Ни слабости русского европеизма, ни мифа о его слабости не было, покуда не разрушил в ходе кровавой и грабительской самодержавной революции деяния своего великого деда Иван Грозный. Само представление о самодержавной революции (своего рода средневековом эквиваленте большевистского переворота), неизменно сопровождавшей либеральные реформы на протяжении всей русской истории между 1565 и 1929 годами, впервые введено в научный оборот Яновым (в ранних своих работах он называл этот феномен контрреформой).
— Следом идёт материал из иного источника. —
lemma lit_nonempty:
  assumes nonunique: "\<not> unique_fixpoint I g" and v: "v \<in> I"
  shows "dom (lit v) \<noteq> {}"
proof
  assume "dom (lit v) = {}"
  then have const: "g x v = c v" if "x \<in> confs I" for x
    using component_iff[OF v that] by (simp add: lits_hold_def)
  obtain Y where Y: "Y \<in> confs I" "Y v = c v" "\<And>u. u \<in> I - {v} \<Longrightarrow> g Y u = Y u"
    using fixed_off_exists[OF v] by blast
  have "g Y = Y" by (rule fixpointI[OF vanishes Y(1)]) (metis Y const Diff_iff singletonD)
  moreover have "y = Y" if "y \<in> confs I" "g y = y" for y
  proof -
    have "y v = Y v" using const[OF that(1)] that(2) Y(2) by metis
    then show "y = Y" by (intro eq_if_fixed_off[of "I - {v}"]) (use that Y v in auto)
  qed
  ultimately show False using nonunique Y(1) unfolding unique_fixpoint_def by blast
qed

lemma flip_comp_fixpoints:
  assumes no_fixpoint: "\<forall>a\<in>confs I. g a \<noteq> a" and i: "i \<in> I"
  obtains a where "a \<in> confs I" "flip_comp i g a = a" "\<not> unique_fixpoint I (flip_comp i g)"
proof -
  have flip_fixed: "flip_comp i g Y = Y"
    if Y: "Y \<in> confs I" "\<And>u. u \<in> I - {i} \<Longrightarrow> g Y u = Y u" for Y
  proof -
    have "g Y i \<noteq> Y i"
    proof
      assume "g Y i = Y i"
      then have "g Y = Y" using Y by (intro fixpointI[OF vanishes]) auto
      then show False using no_fixpoint Y(1) by blast
    qed
    then show ?thesis
      using Y by (intro fixpointI[OF vanishes_outside_flip_comp[OF vanishes i]]) (auto simp: flip_comp_def)
  qed
  obtain Y0 where Y0: "Y0 \<in> confs I" "Y0 i = False" "\<And>u. u \<in> I - {i} \<Longrightarrow> g Y0 u = Y0 u"
    using fixed_off_exists[OF i] by blast
  obtain Y1 where Y1: "Y1 \<in> confs I" "Y1 i = True" "\<And>u. u \<in> I - {i} \<Longrightarrow> g Y1 u = Y1 u"
    using fixed_off_exists[OF i] by blast
  have "Y0 \<noteq> Y1" using Y0(2) Y1(2) by auto
  then have "\<not> unique_fixpoint I (flip_comp i g)"
    using flip_fixed[OF Y0(1,3)] flip_fixed[OF Y1(1,3)] Y0(1) Y1(1) unfolding unique_fixpoint_def by blast
  then show ?thesis using that Y0(1) flip_fixed[OF Y0(1,3)] by blast
qed
text \<open>Every vector v of V is a difference quotient of p + s v and p, where p \<in> hyp \<inter> V and s is
  so small that p + s v is still timelike.\<close>
lemma span_hyp_Int:
  assumes "subspace V" "p \<in> hyp \<inter> V"
  shows "span (hyp \<inter> V) = V"
proof
  show "span (hyp \<inter> V) \<subseteq> V" using assms(1) by (simp add: span_minimal)
  show "V \<subseteq> span (hyp \<inter> V)"
  proof
    fix v assume v: "v \<in> V"
    define s where "s = 1 / (2 * \<bar>mink p v\<bar> + \<bar>mink v v\<bar> + 1)"
    have s: "0 < s" "s \<le> 1" unfolding s_def by (auto simp: divide_simps)
    have "\<bar>2 * s * mink p v + s^2 * mink v v\<bar> \<le> s * (2 * \<bar>mink p v\<bar> + \<bar>mink v v\<bar>)"
    proof -
      have "s^2 * \<bar>mink v v\<bar> \<le> s * \<bar>mink v v\<bar>"
        using s by (simp add: power2_eq_square mult_right_mono)
      then show ?thesis
        using s abs_triangle_ineq[of "2 * s * mink p v" "s^2 * mink v v"]
        by (simp add: abs_mult algebra_simps)
    qed
    also have "\<dots> < 1" unfolding s_def by (simp add: field_simps)
    finally have small: "\<bar>2 * s * mink p v + s^2 * mink v v\<bar> < 1" .
    have "mink (p + s *\<^sub>R v) (p + s *\<^sub>R v) = -1 + (2 * s * mink p v + s^2 * mink v v)"
      using hyp_mink_self[of p] assms(2)
      by (simp add: mink_simps mink_commute[of v p] power2_eq_square algebra_simps)
    with small have "mink (p + s *\<^sub>R v) (p + s *\<^sub>R v) < 0" by linarith
    moreover have "p + s *\<^sub>R v \<in> V" using assms v by (simp add: subspace_add subspace_scale)
    ultimately have "p + s *\<^sub>R v \<in> span (hyp \<inter> V)"
      using timelike_in_span_hyp_Int[OF assms(1)] by blast
    moreover have "p \<in> span (hyp \<inter> V)" using assms(2) by (intro span_base)
    ultimately have "(1 / s) *\<^sub>R ((p + s *\<^sub>R v) - p) \<in> span (hyp \<inter> V)"
      by (intro span_mul span_diff)
    then show "v \<in> span (hyp \<inter> V)" using s by simp
  qed
qed

lemma null_in_span_ideal_sphere_Int:
  assumes "subspace W" "z \<in> W" "mink z z = 0" "z \<noteq> 0"
  shows "z \<in> span (W \<inter> ideal_sphere)"
proof -
  have "z $ 0 \<noteq> 0" using mink_self_eq_norm_power2[of z] assms(3,4) by auto
  then have "(1 / z $ 0) *\<^sub>R z \<in> W \<inter> ideal_sphere"
    using assms unfolding ideal_sphere_def by (simp add: subspace_scale mink_simps)
  then have "z $ 0 *\<^sub>R ((1 / z $ 0) *\<^sub>R z) \<in> span (W \<inter> ideal_sphere)" by (intro span_mul span_base)
  then show ?thesis using \<open>z $ 0 \<noteq> 0\<close> by simp
qed

lemma quadratic_formula_root:
  fixes a b c r :: real
  assumes "a \<noteq> 0" "r^2 = b^2 - a * c"
  shows "c + 2 * ((r - b) / a) * b + ((r - b) / a)^2 * a = 0"
proof -
  have "a * (c + 2 * ((r - b) / a) * b + ((r - b) / a)^2 * a) = a * c + 2 * (r - b) * b + (r - b)^2"
    using assms(1) by (simp add: field_simps power2_eq_square)
  also have "\<dots> = 0" using assms(2) by (simp add: power2_eq_square algebra_simps)
  finally show ?thesis using assms(1) by simp
qed

text \<open>The line through a timelike p in the direction of a spacelike v meets the light cone in
  two points p + s v, and their difference is a nonzero multiple of v.\<close>
lemma timelike_spacelike_in_span_ideal_sphere_Int:
  assumes W: "subspace W" and p: "p \<in> W" "mink p p < 0" and v: "v \<in> W" "mink v v > 0"
  shows "v \<in> span (W \<inter> ideal_sphere)" "p \<in> span (W \<inter> ideal_sphere)"
proof -
  define r where "r = sqrt ((mink p v)^2 - mink v v * mink p p)"
  have disc: "(mink p v)^2 - mink v v * mink p p > 0"
    using p v by (smt (verit) mult_pos_neg zero_le_power2)
  then have "r > 0" "r^2 = (mink p v)^2 - mink v v * mink p p" "(- r)^2 = (mink p v)^2 - mink v v * mink p p"
    unfolding r_def by simp_all
  have null: "p + s *\<^sub>R v \<in> span (W \<inter> ideal_sphere)"
    if s: "mink p p + 2 * s * mink p v + s^2 * mink v v = 0" for s
  proof (rule null_in_span_ideal_sphere_Int[OF W])
    show "p + s *\<^sub>R v \<in> W" using W p v by (simp add: subspace_add subspace_scale)
    show "mink (p + s *\<^sub>R v) (p + s *\<^sub>R v) = 0"
      using s by (simp add: mink_simps mink_commute[of v p] power2_eq_square algebra_simps)
    show "p + s *\<^sub>R v \<noteq> 0"
    proof
      assume "p + s *\<^sub>R v = 0"
      then have "p = (- s) *\<^sub>R v" by (simp add: eq_neg_iff_add_eq_0 add.commute)
      then have "mink p p = s^2 * mink v v" by (simp add: mink_simps power2_eq_square)
      then show False using p v by (smt (verit) zero_le_power2 mult_nonneg_nonneg)
    qed
  qed
  define s1 s2 where "s1 = (r - mink p v) / mink v v" and "s2 = (- r - mink p v) / mink v v"
  have vv: "mink v v \<noteq> 0" using v by simp
  have null1: "p + s1 *\<^sub>R v \<in> span (W \<inter> ideal_sphere)"
    using null quadratic_formula_root[OF vv \<open>r^2 = _\<close>] unfolding s1_def by blast
  have null2: "p + s2 *\<^sub>R v \<in> span (W \<inter> ideal_sphere)"
    using null quadratic_formula_root[OF vv \<open>(- r)^2 = _\<close>] unfolding s2_def by blast
  have "s1 - s2 \<noteq> 0" using \<open>r > 0\<close> vv unfolding s1_def s2_def by (simp add: divide_simps)
  moreover have "(1 / (s1 - s2)) *\<^sub>R ((p + s1 *\<^sub>R v) - (p + s2 *\<^sub>R v)) \<in> span (W \<inter> ideal_sphere)"
    using null1 null2 by (intro span_mul span_diff)
  ultimately show v_span: "v \<in> span (W \<inter> ideal_sphere)"
    by (simp add: algebra_simps flip: scaleR_diff_left)
  have "(p + s1 *\<^sub>R v) - s1 *\<^sub>R v \<in> span (W \<inter> ideal_sphere)"
    using null1 v_span by (intro span_diff span_mul)
  then show "p \<in> span (W \<inter> ideal_sphere)" by simp
qed

lemma span_ideal_sphere_Int:
  assumes W: "subspace W" and p: "p \<in> W" "mink p p < 0"
    and u: "u \<in> W" "u \<noteq> 0" "mink p u = 0"
  shows "span (W \<inter> ideal_sphere) = W"
proof
  show "span (W \<inter> ideal_sphere) \<subseteq> W" using W by (simp add: span_minimal)
  have "p \<in> span (W \<inter> ideal_sphere)"
    using timelike_spacelike_in_span_ideal_sphere_Int(2)[OF W p u(1)]
      mink_orth_timelike_imp_spacelike[OF p(2) u(3,2)] .
  show "W \<subseteq> span (W \<inter> ideal_sphere)"
  proof
    fix v assume v: "v \<in> W"
    define w where "w = v - (mink v p / mink p p) *\<^sub>R p"
    have "w \<in> W" unfolding w_def using W v p by (simp add: subspace_diff subspace_scale)
    have "mink p w = 0" unfolding w_def using p by (simp add: mink_simps mink_commute[of p v])
    have "w \<in> span (W \<inter> ideal_sphere)"
    proof (cases "w = 0")
      case False
      then have "mink w w > 0"
        using mink_orth_timelike_imp_spacelike[OF p(2) \<open>mink p w = 0\<close>] by blast
      then show ?thesis using timelike_spacelike_in_span_ideal_sphere_Int(1)[OF W p \<open>w \<in> W\<close>] by blast
    qed (simp add: span_zero)
    then have "w + (mink v p / mink p p) *\<^sub>R p \<in> span (W \<inter> ideal_sphere)"
      using \<open>p \<in> span (W \<inter> ideal_sphere)\<close> by (intro span_add span_mul)
    then show "v \<in> span (W \<inter> ideal_sphere)" unfolding w_def by simp
  qed
qed

lemma ideal_point_mink_timelike_neg:
  assumes "y \<in> ideal_sphere" "q $ 0 = 1" "mink q q < 0"
  shows "mink y q < 0"
proof -
  define spatial :: "real^5 \<Rightarrow> real^5" where "spatial x = x - (x $ 0) *\<^sub>R axis 0 1" for x
  have mink_spatial: "mink x z = inner (spatial x) (spatial z) - x $ 0 * z $ 0" for x z
    unfolding mink_def spatial_def
    by (simp add: inner_diff_left inner_diff_right inner_axis inner_axis' inner_commute algebra_simps)
  have "y $ 0 = 1" "mink y y = 0" using assms(1) unfolding ideal_sphere_def by auto
  then have "norm (spatial y) = 1"
    using mink_spatial[of y y] by (simp add: norm_eq_1)
  moreover have "norm (spatial q) ^ 2 < 1"
    using mink_spatial[of q q] assms(2,3) by (simp add: power2_norm_eq_inner)
  then have "norm (spatial q) < 1" by (metis abs_of_nonneg abs_square_less_1 norm_ge_zero)
  moreover have "inner (spatial y) (spatial q) \<le> norm (spatial y) * norm (spatial q)"
    by (rule norm_cauchy_schwarz)
  ultimately show ?thesis using mink_spatial[of y q] \<open>y $ 0 = 1\<close> assms(2) by simp
qed

text \<open>An ideal point y of V is the endpoint of the segment joining it to the Klein image q of
  a point of hyp \<inter> V; the open segment consists of timelike points of the chart.\<close>
lemma bd_hyp_Int:
  assumes V: "subspace V" and p: "p \<in> hyp \<inter> V"
  shows "bd (hyp \<inter> V) = V \<inter> ideal_sphere"
proof
  have "klein_proj ` (hyp \<inter> V) \<subseteq> V"
    unfolding klein_proj_def using V by (auto simp: subspace_scale)
  then have "closure (klein_proj ` (hyp \<inter> V)) \<subseteq> V"
    using closed_subspace[OF V] by (simp add: closure_minimal)
  then show "bd (hyp \<inter> V) \<subseteq> V \<inter> ideal_sphere" unfolding bd_def by auto
next
  show "V \<inter> ideal_sphere \<subseteq> bd (hyp \<inter> V)"
  proof
    fix y assume y: "y \<in> V \<inter> ideal_sphere"
    then have "y $ 0 = 1" "mink y y = 0" unfolding ideal_sphere_def by auto
    define q where "q = klein_proj p"
    have "p $ 0 > 0" "mink p p = -1" using p unfolding hyp_def by auto
    then have q: "q $ 0 = 1" "mink q q < 0" "q \<in> V"
      using p V unfolding q_def klein_proj_def by (auto simp: mink_simps subspace_scale)
    have "mink y q < 0" using ideal_point_mink_timelike_neg y q(1,2) by blast
    have "open_segment y q \<subseteq> klein_proj ` (hyp \<inter> V)"
    proof
      fix z assume "z \<in> open_segment y q"
      then obtain t where t: "0 < t" "t < 1" and z: "z = (1 - t) *\<^sub>R y + t *\<^sub>R q"
        by (auto simp: in_segment)
      have "mink z z = 2 * t * (1 - t) * mink y q + t^2 * mink q q"
        unfolding z using \<open>mink y y = 0\<close>
        by (simp add: mink_simps mink_commute[of q y] power2_eq_square algebra_simps)
      also have "\<dots> < 0"
      proof -
        have "2 * t * (1 - t) * mink y q \<le> 0" using t \<open>mink y q < 0\<close> by (simp add: mult_nonneg_nonpos)
        moreover have "t^2 * mink q q < 0" using t q(2) by (simp add: mult_pos_neg)
        ultimately show ?thesis by linarith
      qed
      finally obtain c where c: "c \<noteq> 0" "c *\<^sub>R z \<in> hyp" by (rule timelike_scaleR_in_hyp)
      have "z $ 0 = 1" unfolding z using \<open>y $ 0 = 1\<close> q(1) by (simp add: algebra_simps)
      then have "klein_proj (c *\<^sub>R z) = z" unfolding klein_proj_def using c by simp
      moreover have "c *\<^sub>R z \<in> V" unfolding z using V y q(3) by (simp add: subspace_add subspace_scale)
      ultimately show "z \<in> klein_proj ` (hyp \<inter> V)" using c by (metis IntI image_eqI)
    qed
    moreover have "y \<noteq> q" using \<open>mink y y = 0\<close> q(2) by auto
    ultimately have "closed_segment y q \<subseteq> closure (klein_proj ` (hyp \<inter> V))"
      by (metis closure_mono closure_open_segment)
    then show "y \<in> bd (hyp \<inter> V)" unfolding bd_def using y by auto
  qed
qed
lemma sum_diff_top_le:
  fixes f x :: "'e \<Rightarrow> real"
  assumes "finite A" "finite B" "A \<inter> B = {}"
    and f_nonneg: "\<forall>e\<in>A \<union> B. 0 \<le> f e" and x: "\<forall>e\<in>B. 0 \<le> x e \<and> x e \<le> 1"
    and slack: "(\<Sum>e\<in>B. 1 - x e) \<le> real k"
    and L: "L \<subseteq> A \<union> B" "card L = min k (card (A \<union> B))"
    and top: "\<forall>e\<in>L. \<forall>e'\<in>(A \<union> B) - L. f e' \<le> f e"
  shows "sum f ((A \<union> B) - L) \<le> (\<Sum>e\<in>B. f e * x e) + sum f A"
proof (cases "card (A \<union> B) \<le> k")
  case True
  then have "L = A \<union> B"
    using L card_subset_eq[of "A \<union> B" L] assms(1,2) by simp
  moreover have "0 \<le> (\<Sum>e\<in>B. f e * x e) + sum f A"
    using f_nonneg x by (intro add_nonneg_nonneg sum_nonneg mult_nonneg_nonneg) auto
  ultimately show ?thesis by simp
next
  case False
  then have "(\<Sum>e\<in>B. f e * (1 - x e)) \<le> sum f L"
    using L x slack assms(1,2) f_nonneg top
    by (intro weighted_sum_le_sum_top[of "A \<union> B"]) auto
  moreover have "sum f ((A \<union> B) - L) = sum f A + sum f B - sum f L"
    using L assms(1-3) by (simp add: sum_diff sum.union_disjoint)
  ultimately show ?thesis by (simp add: right_diff_distrib sum_subtractf)
qed

text \<open>Double counting: each hyperedge contributes its slack \<open>1 - x e\<close> to at most k vertices.\<close>

lemma card_lt_sum_slack:
  fixes x :: "'e \<Rightarrow> real"
  assumes "finite F" "finite W" "F \<noteq> {}"
    and x: "\<forall>e\<in>F. 0 < x e \<and> x e < 1"
    and ends: "\<forall>e\<in>F. finite (ends e) \<and> card (ends e) \<le> k"
    and slack: "\<forall>v\<in>W. real k < (\<Sum>e\<in>hdelta ends F v. 1 - x e)"
  shows "real (card W) < (\<Sum>e\<in>F. 1 - x e)"
proof (cases "W = {}")
  case True
  then show ?thesis using assms(1,3) x by (simp add: sum_pos)
next
  case False
  have "real k * real (card W) = (\<Sum>v\<in>W. real k)" by simp
  also have "\<dots> < (\<Sum>v\<in>W. \<Sum>e\<in>hdelta ends F v. 1 - x e)"
    using slack assms(2) False by (intro sum_strict_mono) auto
  also have "\<dots> = (\<Sum>e\<in>F. \<Sum>v\<in>{v\<in>W. v \<in> ends e}. 1 - x e)"
    unfolding hdelta_def using sum.swap_restrict[OF assms(2,1)] .
  also have "\<dots> \<le> (\<Sum>e\<in>F. real k * (1 - x e))"
  proof (intro sum_mono)
    fix e assume e: "e \<in> F"
    have "card {v\<in>W. v \<in> ends e} \<le> card (ends e)"
      using ends e by (intro card_mono) auto
    moreover have "card (ends e) \<le> k" using ends e by blast
    ultimately have "card {v\<in>W. v \<in> ends e} \<le> k" by linarith
    then show "(\<Sum>v\<in>{v\<in>W. v \<in> ends e}. 1 - x e) \<le> real k * (1 - x e)"
      using x e by (simp add: mult_right_mono)
  qed
  finally show ?thesis by (simp add: sum_distrib_left[symmetric] mult_less_cancel_left)
qed

lemma maxchain_mem_if_comparable:
  assumes "subset.maxchain T C" "S \<in> T" "\<forall>X\<in>C. X \<subseteq> S \<or> S \<subseteq> X"
  shows "S \<in> C"
proof (rule ccontr)
  assume "S \<notin> C"
  have "subset.chain T (insert S C)"
    using assms subset.maxchain_imp_chain[OF assms(1)] by (auto simp: subset_chain_insert)
  moreover have "C \<subset> insert S C" using \<open>S \<notin> C\<close> by blast
  ultimately show False using assms(1) unfolding subset.maxchain_def by blast
qed

text \<open>For D in the chain with greatest proper predecessor P, the set \<open>(A \<inter> D) \<union> P\<close> is
  comparable with the whole chain, hence equals P or D; either way \<open>A \<inter> D\<close> reduces to \<open>A \<inter> P\<close>.\<close>

lemma sum_Int_maxchain_eq_0:
  fixes y :: "'e \<Rightarrow> real"
  assumes "finite F" "T \<subseteq> Pow F" "{} \<in> T"
    and closed: "\<forall>A\<in>T. \<forall>B\<in>T. A \<union> B \<in> T \<and> A \<inter> B \<in> T"
    and C: "subset.maxchain T C" and zero: "\<forall>X\<in>C. sum y X = 0"
    and "A \<in> T" "D \<in> C"
  shows "sum y (A \<inter> D) = 0"
proof -
  have C_chain: "C \<subseteq> T" "\<forall>X\<in>C. \<forall>Y\<in>C. X \<subseteq> Y \<or> Y \<subseteq> X"
    using subset.maxchain_imp_chain[OF C] by (auto simp: subset_chain_def)
  have fin_C: "finite C"
    using C_chain assms(1,2) finite_subset[of C "Pow F"] by auto
  have fin_T: "finite X" if "X \<in> T" for X
    using that assms(1,2) finite_subset by blast
  have "{} \<in> C" using maxchain_mem_if_comparable[OF C assms(3)] by blast
  show ?thesis
    using \<open>D \<in> C\<close>
  proof (induction "card D" arbitrary: D rule: less_induct)
    case less
    define P where "P = \<Union>{X\<in>C. X \<subset> D}"
    show ?case
    proof (cases "D = {}")
      case False
      then have "P \<in> {X\<in>C. X \<subset> D}"
        unfolding P_def using fin_C \<open>{} \<in> C\<close> C_chain
        by (intro Union_in_chain) (auto simp: subset_chain_def)
      then have P: "P \<in> C" "P \<subset> D" by auto
      have below_P: "X \<subseteq> P" if "X \<in> C" "X \<subset> D" for X
        using that unfolding P_def by blast
      have "sum y (A \<inter> P) = 0"
        using less.hyps P less.prems fin_T C_chain(1) psubset_card_mono by blast
      define S where "S = (A \<inter> D) \<union> P"
      have "S \<in> T"
        unfolding S_def using closed \<open>A \<in> T\<close> less.prems P C_chain(1) by blast
      moreover have "X \<subseteq> S \<or> S \<subseteq> X" if "X \<in> C" for X
      proof -
        have "D \<subseteq> X \<or> X \<subset> D" using C_chain(2) less.prems that by blast
        then show ?thesis using P(2) below_P[OF that] unfolding S_def by blast
      qed
      ultimately have "S \<in> C" by (intro maxchain_mem_if_comparable[OF C]) auto
      have fin_D: "finite D" using fin_T C_chain(1) less.prems by blast
      show ?thesis
      proof (cases "S = D")
        case True
        then have "A \<inter> D = (A \<inter> P) \<union> (D - P)" using P(2) unfolding S_def by blast
        moreover have "finite P" using fin_D P(2) finite_subset by blast
        then have "sum y ((A \<inter> P) \<union> (D - P)) = sum y (A \<inter> P) + sum y (D - P)"
          using fin_D by (intro sum.union_disjoint) auto
        moreover have "sum y D = sum y (D - P) + sum y P"
          using P(2) fin_D by (intro sum.subset_diff) auto
        ultimately show ?thesis
          using \<open>sum y (A \<inter> P) = 0\<close> zero less.prems P(1) by simp
      next
        case False
        then have "S \<subseteq> P" using below_P \<open>S \<in> C\<close> P(2) unfolding S_def by blast
        then have "A \<inter> D = A \<inter> P" unfolding S_def using P(2) by blast
        then show ?thesis using \<open>sum y (A \<inter> P) = 0\<close> by simp
      qed
    qed simp
  qed
qed

text \<open>The top of the chain contains A, as \<open>A \<union> \<Union>C\<close> is comparable with every member of C.\<close>

lemma sum_zero_on_lattice_family_if_zero_on_maxchain:
  fixes y :: "'e \<Rightarrow> real"
  assumes "finite F" "T \<subseteq> Pow F" "{} \<in> T"
    and closed: "\<forall>A\<in>T. \<forall>B\<in>T. A \<union> B \<in> T \<and> A \<inter> B \<in> T"
    and C: "subset.maxchain T C" and zero: "\<forall>X\<in>C. sum y X = 0"
    and "A \<in> T"
  shows "sum y A = 0"
proof -
  have C_T: "C \<subseteq> T" using subset.maxchain_imp_chain[OF C] by (simp add: subset_chain_def)
  then have "finite C" using assms(1,2) finite_subset[of C "Pow F"] by auto
  moreover have "{} \<in> C" using maxchain_mem_if_comparable[OF C assms(3)] by blast
  ultimately have "\<Union>C \<in> C"
    using subset.maxchain_imp_chain[OF C] by (intro Union_in_chain) auto
  moreover have "A \<union> \<Union>C \<in> C"
    using closed \<open>A \<in> T\<close> \<open>\<Union>C \<in> C\<close> C_T
    by (intro maxchain_mem_if_comparable[OF C]) blast+
  then have "A \<inter> \<Union>C = A" by blast
  ultimately show ?thesis using sum_Int_maxchain_eq_0[OF assms] by metis
qed

lemma lp_feasible_positive_margin:
  assumes feas: "lp_feasible ends d W F ind b' x" and "finite F" and x_pos: "\<forall>e\<in>F. 0 < x e"
  shows "\<exists>m>0. (\<forall>e\<in>F. m \<le> x e) \<and>
    (\<forall>A. A \<subseteq> F \<and> sum x A \<noteq> real (mrank ind A) \<longrightarrow> m \<le> real (mrank ind A) - sum x A)"
proof -
  have x_rank: "\<forall>A. A \<subseteq> F \<longrightarrow> sum x A \<le> real (mrank ind A)"
    using feas unfolding lp_feasible_def by simp
  define gaps where "gaps = x ` F \<union>
    (\<lambda>A. real (mrank ind A) - sum x A) ` {A. A \<subseteq> F \<and> sum x A \<noteq> real (mrank ind A)}"
  have "finite gaps" unfolding gaps_def using \<open>finite F\<close> by simp
  moreover have "0 < g" if "g \<in> gaps" for g
    using that unfolding gaps_def
  proof (elim UnE imageE)
    fix e assume "g = x e" "e \<in> F"
    then show ?thesis using x_pos by simp
  next
    fix A assume "g = real (mrank ind A) - sum x A"
      and "A \<in> {A. A \<subseteq> F \<and> sum x A \<noteq> real (mrank ind A)}"
    then show ?thesis using x_rank by (simp add: less_le)
  qed
  ultimately have "0 < Min (insert 1 gaps)" and "\<forall>g\<in>gaps. Min (insert 1 gaps) \<le> g" by auto
  moreover have "x e \<in> gaps" if "e \<in> F" for e unfolding gaps_def using that by blast
  moreover have "real (mrank ind A) - sum x A \<in> gaps"
    if "A \<subseteq> F" "sum x A \<noteq> real (mrank ind A)" for A
    unfolding gaps_def using that by blast
  ultimately show ?thesis by (intro exI[of _ "Min (insert 1 gaps)"]) auto
qed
Как ни назвать его, однако, феномен этот полностью опровергает миф о слабости европейской традиции в России.
Подумайте, призывает читателей автор, чем же иным могли быть вызваны все эти драконовские террористические революции, в XVI ли веке или в XX, если не силой русского либерализма, неудержимо стремившегося вернуть страну домой – к европейским истокам?
Чем, если не экстремальной – сточки зрения имперского национализма – нуждой остановить либеральный марш, обещавший стать необратимым?
Зачем иначе понадобилось бы вырезать практически целиком элиту страны?
Зачем были гекатомбы трупов и гражданские войны, зачем истребление интеллигенции, если не для того, чтоб любой ценой удержать страну в пустыне самодержавной военной империи, снова и снова отгораживая ее китайской стеной от Европы?
Значение открытия Янова, однако, не столько, возможно, в создании нового видения куска истории России, сколько в новом взгляде на науку о России.
Янов не оставляет камня на камне от сложившихся взглядов на историю России. Рассматривая славянофильские, евразийские (Аксаков, Трубецкой, Савицкий и др.) и западнические (Кавелин, Соловьев, Чичерин и др.) взгляды на культуру России, он приходит к выводу, что и те, и другие исходят (в разной степени и по-разному) из одинаково неверной посылки – из наличия в ней одной лишь евразийской цивилизационной специфики. Славянофилы говорят о необходимости развивать евразийское начало, а западники – прививать западный либерализм. И обе тенденции, одна, глядя в Европу, другая, отворачиваясь от Европы, но желая улучшения положения в России, не видят европейского гена в самой российской культуре.
3
* «Тень грозного царя». М.; Крук, 1997; «Россия против России». Новосибирск: Сибирский хронограф, 1999.